Pages are contributions that do NOT go into the blogroll / continuous feed.  You have to specifically make them visible in some way or other, e.g., by including them in a sidebar or top bar menu which then links to the page in question (or by linking there from another page).

Also, pages do not have a comment function (though on WP you can “like” them).

Thus, pages are a great place for permanent admin announcements — e.g., the Bingo Rules on this blog are formatted as a page.  So is my main Literature index on my personal blog.

Projects are essentially a combination / cross section of posts and pages.  Like posts, they allow for both comments and “likes”.  However, like pages, they do not appear in the main blogroll / feed but have to be made visible in another way (e.g., as part of a menu).  The black admin sidebar category under which you find all of a given blog’s projects is called “Portfolio” (it sits right under “Pages”).  Also, projects do not share the blog posts’ tags and categories: that way, you can (inter alia) create one or more separate feeds for your projects to which you can also link (instead of just to a single project) from a menu.
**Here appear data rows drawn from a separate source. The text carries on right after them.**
(* Let $R$ be a commutative Noetherian ring with unity, $\lambda$ a length function on $R$-modules, $T$ a finitely generated commutative $R$-algebra, $M$ a $T$-module, and $M_0\le M$ an $R$-submodule which is finitely generated as an $R$-module, with $\lambda(M_0)<\infty$ and $TM_0=M$. Let $\bar\gamma\in T^k$ and $\bar\delta\in T^{k'}$ be two tuples of generators of $T$ as an $R$-algebra. Then the Hilbert polynomials $q_{\bar\gamma}$ and $q_{\bar\delta}$ of $M_0$ with respect to $\bar\gamma$ and $\bar\delta$ have the same degree; i.e. $\langle M;\bar\gamma\rangle$ and $\langle M;\bar\delta\rangle$ have the same $\lambda$-dimension.
   Context: A length function on $R$-modules is a function $\lambda$ from $R$-modules to $\mathbb{R}_{\ge0}\cup\{\infty\}$ with $\lambda(0)=0$, invariant under isomorphism, additive on short exact sequences, and with $\lambda(N)=\sup\{\lambda(N'):N'\le N$ finitely generated$\}$. For a tuple $\bar\gamma=(\gamma_1,\dots,\gamma_k)$ generating $T$, let $\phi:R[x_1,\dots,x_k]\to T$ be the surjective $R$-algebra homomorphism with $x_i\mapsto\gamma_i$; $\langle M;\bar\gamma\rangle$ is $M$ viewed as an $R[x_1,\dots,x_k]$-module via $\phi$. Let $T_n=\phi(S_n)$ where $S_n$ is the set of polynomials of total degree $\le n$. Then there is a polynomial $q_{\bar\gamma}\in\mathbb{R}[t]$ with $\lambda(T_nM_0)=q_{\bar\gamma}(n)$ for all large $n$; the $\lambda$-dimension of $\langle M;\bar\gamma\rangle$ is the degree of its leading term. *)

theory Defs
  imports Complex_Main "HOL-Library.Extended_Real" "HOL-Computational_Algebra.Polynomial"
begin

text \<open>Ring homomorphism between (types of) commutative rings with unity:
  this is the structure map making T an R-algebra.\<close>
definition ring_hom_fun :: "('r::comm_ring_1 \<Rightarrow> 't::comm_ring_1) \<Rightarrow> bool" where
  "ring_hom_fun \<phi> \<longleftrightarrow> \<phi> 1 = 1 \<and> (\<forall>a b. \<phi> (a + b) = \<phi> a + \<phi> b) \<and> (\<forall>a b. \<phi> (a * b) = \<phi> a * \<phi> b)"

definition noetherian_ring :: "'r::comm_ring_1 itself \<Rightarrow> bool" where
  "noetherian_ring _ \<longleftrightarrow>
     (\<forall>I::'r set. module.subspace (*) I \<longrightarrow> (\<exists>F. finite F \<and> I = module.span (*) F))"

definition rscale :: "('r \<Rightarrow> 't) \<Rightarrow> ('t \<Rightarrow> 'm \<Rightarrow> 'm) \<Rightarrow> 'r \<Rightarrow> 'm \<Rightarrow> 'm" where
  "rscale \<phi> sm r x = sm (\<phi> r) x"

definition Rsub :: "('r::comm_ring_1 \<Rightarrow> 't) \<Rightarrow> ('t \<Rightarrow> 'm::ab_group_add \<Rightarrow> 'm) \<Rightarrow> 'm set \<Rightarrow> bool" where
  "Rsub \<phi> sm N \<longleftrightarrow> module.subspace (rscale \<phi> sm) N"

definition Rspan :: "('r::comm_ring_1 \<Rightarrow> 't) \<Rightarrow> ('t \<Rightarrow> 'm::ab_group_add \<Rightarrow> 'm) \<Rightarrow> 'm set \<Rightarrow> 'm set" where
  "Rspan \<phi> sm S = module.span (rscale \<phi> sm) S"

text \<open>A length function, evaluated on the subquotients N/N' (N' \<subseteq> N R-submodules of M):
  lam N N' stands for \<lambda>(N/N').  Axioms: values in [0,\<infinity>], \<lambda>(0) = 0, invariance under
  isomorphism of subquotients, additivity on short exact sequences (chains N'' \<subseteq> N' \<subseteq> N,
  which together with isomorphism invariance gives additivity on all short exact sequences
  of subquotients), and \<lambda>(N/N') = sup of \<lambda> over finitely generated submodules of N/N'.\<close>
definition length_function :: "('r::comm_ring_1 \<Rightarrow> 't::comm_ring_1) \<Rightarrow> ('t \<Rightarrow> 'm::ab_group_add \<Rightarrow> 'm)
    \<Rightarrow> ('m set \<Rightarrow> 'm set \<Rightarrow> ereal) \<Rightarrow> bool" where
  "length_function \<phi> sm lam \<longleftrightarrow>
     lam {0} {0} = 0
   \<and> (\<forall>N N'. Rsub \<phi> sm N \<and> Rsub \<phi> sm N' \<and> N' \<subseteq> N \<longrightarrow> 0 \<le> lam N N')
   \<and> (\<forall>N N' P P' (f::'m \<Rightarrow> 'm).
        Rsub \<phi> sm N \<and> Rsub \<phi> sm N' \<and> N' \<subseteq> N \<and> Rsub \<phi> sm P \<and> Rsub \<phi> sm P' \<and> P' \<subseteq> P
        \<and> (\<forall>x\<in>N. \<forall>y\<in>N. f (x + y) = f x + f y)
        \<and> (\<forall>r. \<forall>x\<in>N. f (rscale \<phi> sm r x) = rscale \<phi> sm r (f x))
        \<and> f ` N \<subseteq> P
        \<and> (\<forall>x\<in>N. f x \<in> P' \<longleftrightarrow> x \<in> N')
        \<and> (\<forall>z\<in>P. \<exists>x\<in>N. \<exists>y\<in>P'. z = f x + y)
        \<longrightarrow> lam N N' = lam P P')
   \<and> (\<forall>N N' N''. Rsub \<phi> sm N \<and> Rsub \<phi> sm N' \<and> Rsub \<phi> sm N'' \<and> N'' \<subseteq> N' \<and> N' \<subseteq> N
        \<longrightarrow> lam N N'' = lam N N' + lam N' N'')
   \<and> (\<forall>N N'. Rsub \<phi> sm N \<and> Rsub \<phi> sm N' \<and> N' \<subseteq> N \<longrightarrow>
        lam N N' = (SUP F\<in>{F. finite F \<and> F \<subseteq> N}. lam (Rspan \<phi> sm (F \<union> N')) N'))"

definition monomials_le :: "(nat \<Rightarrow> 't::comm_ring_1) \<Rightarrow> nat \<Rightarrow> nat \<Rightarrow> 't set" where
  "monomials_le \<gamma> k n = {(\<Prod>i<k. \<gamma> i ^ \<alpha> i) | \<alpha>. (\<Sum>i<k. \<alpha> i) \<le> n}"

text \<open>T_n = \<phi>(S_n): values at \<gamma> of R-polynomials of total degree \<le> n (the R-span of
  the monomials of degree \<le> n, R acting on T through \<phi>).\<close>
definition Tdeg :: "('r::comm_ring_1 \<Rightarrow> 't::comm_ring_1) \<Rightarrow> (nat \<Rightarrow> 't) \<Rightarrow> nat \<Rightarrow> nat \<Rightarrow> 't set" where
  "Tdeg \<phi> \<gamma> k n = module.span (\<lambda>r t. \<phi> r * t) (monomials_le \<gamma> k n)"

definition generates_algebra :: "('r::comm_ring_1 \<Rightarrow> 't::comm_ring_1) \<Rightarrow> (nat \<Rightarrow> 't) \<Rightarrow> nat \<Rightarrow> bool" where
  "generates_algebra \<phi> \<gamma> k \<longleftrightarrow> (\<Union>n. Tdeg \<phi> \<gamma> k n) = UNIV"

definition TnM0 :: "('r::comm_ring_1 \<Rightarrow> 't::comm_ring_1) \<Rightarrow> ('t \<Rightarrow> 'm::ab_group_add \<Rightarrow> 'm)
    \<Rightarrow> (nat \<Rightarrow> 't) \<Rightarrow> nat \<Rightarrow> 'm set \<Rightarrow> nat \<Rightarrow> 'm set" where
  "TnM0 \<phi> sm \<gamma> k M0 n = Rspan \<phi> sm {sm t x | t x. t \<in> Tdeg \<phi> \<gamma> k n \<and> x \<in> M0}"

end

theory Submission
  imports Defs
begin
I think on this blog, “projects” may be a good tool for every type of post that, on the one hand, we want site members to be able to access at all times without having to search the main blogroll / feed, and which on the other hand, we want people to be able to comment on.

E.g., I don’t know whether the Nose Graze plugin would allow us to create book lists — if it doesn’t, we could copy over the existing book lists for the various bingo squares into one project page per square / book list, to which others then could either add books directly (if they have the admin rights to do so) or make suggestions in the comments (the way we originally did this on BL, except that this time it wouldn’t fall to MbD alone to add the books; everybody with admin rights could pitch in).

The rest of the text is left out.